> _Work item_
Lines from the beginning of the data through the line containing "with integrable_mult_abs_integral_le_sqrt[of F" are to be copied exactly, with no other line included.
____ Listed entries
lemma set_integrable_mult_abs_set_integral_le_sqrt:
  fixes f w :: "'a \<Rightarrow> real"
  assumes [measurable]: "f \<in> borel_measurable M" "set_borel_measurable M A w" "A \<in> sets M"
    and f_sq: "(\<integral>\<^sup>+x. ennreal (indicator A x * (f x)\<^sup>2) \<partial>M) \<le> ennreal C" and "0 \<le> C"
    and w_sq: "set_integrable M A (\<lambda>x. (w x)\<^sup>2)"
  shows "set_integrable M A (\<lambda>x. f x * w x)
    \<and> \<bar>LINT x:A|M. f x * w x\<bar> \<le> sqrt C * sqrt (LINT x:A|M. (w x)\<^sup>2)"
proof -
  define F where "F = (\<lambda>x. indicator A x * f x)"
  define W where "W = (\<lambda>x. indicator A x * w x)"
  have [measurable]: "F \<in> borel_measurable M" "W \<in> borel_measurable M"
    using assms(2) unfolding F_def W_def set_borel_measurable_def by simp_all
  have "(F x)\<^sup>2 = indicator A x * (f x)\<^sup>2" "(W x)\<^sup>2 = indicator A x * (w x)\<^sup>2"
    "F x * W x = indicator A x * (f x * w x)" for x
    by (simp_all add: F_def W_def indicator_def)
  with integrable_mult_abs_integral_le_sqrt[of F M W C] f_sq \<open>0 \<le> C\<close> w_sq show ?thesis
    by (simp add: set_integrable_def set_lebesgue_integral_def)
qed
________
> _Solution_
lemma set_integrable_mult_abs_set_integral_le_sqrt:
  fixes f w :: "'a \<Rightarrow> real"
  assumes [measurable]: "f \<in> borel_measurable M" "set_borel_measurable M A w" "A \<in> sets M"
    and f_sq: "(\<integral>\<^sup>+x. ennreal (indicator A x * (f x)\<^sup>2) \<partial>M) \<le> ennreal C" and "0 \<le> C"
    and w_sq: "set_integrable M A (\<lambda>x. (w x)\<^sup>2)"
  shows "set_integrable M A (\<lambda>x. f x * w x)
    \<and> \<bar>LINT x:A|M. f x * w x\<bar> \<le> sqrt C * sqrt (LINT x:A|M. (w x)\<^sup>2)"
proof -
  define F where "F = (\<lambda>x. indicator A x * f x)"
  define W where "W = (\<lambda>x. indicator A x * w x)"
  have [measurable]: "F \<in> borel_measurable M" "W \<in> borel_measurable M"
    using assms(2) unfolding F_def W_def set_borel_measurable_def by simp_all
  have "(F x)\<^sup>2 = indicator A x * (f x)\<^sup>2" "(W x)\<^sup>2 = indicator A x * (w x)\<^sup>2"
    "F x * W x = indicator A x * (f x * w x)" for x
    by (simp_all add: F_def W_def indicator_def)
  with integrable_mult_abs_integral_le_sqrt[of F M W C] f_sq \<open>0 \<le> C\<close> w_sq show ?thesis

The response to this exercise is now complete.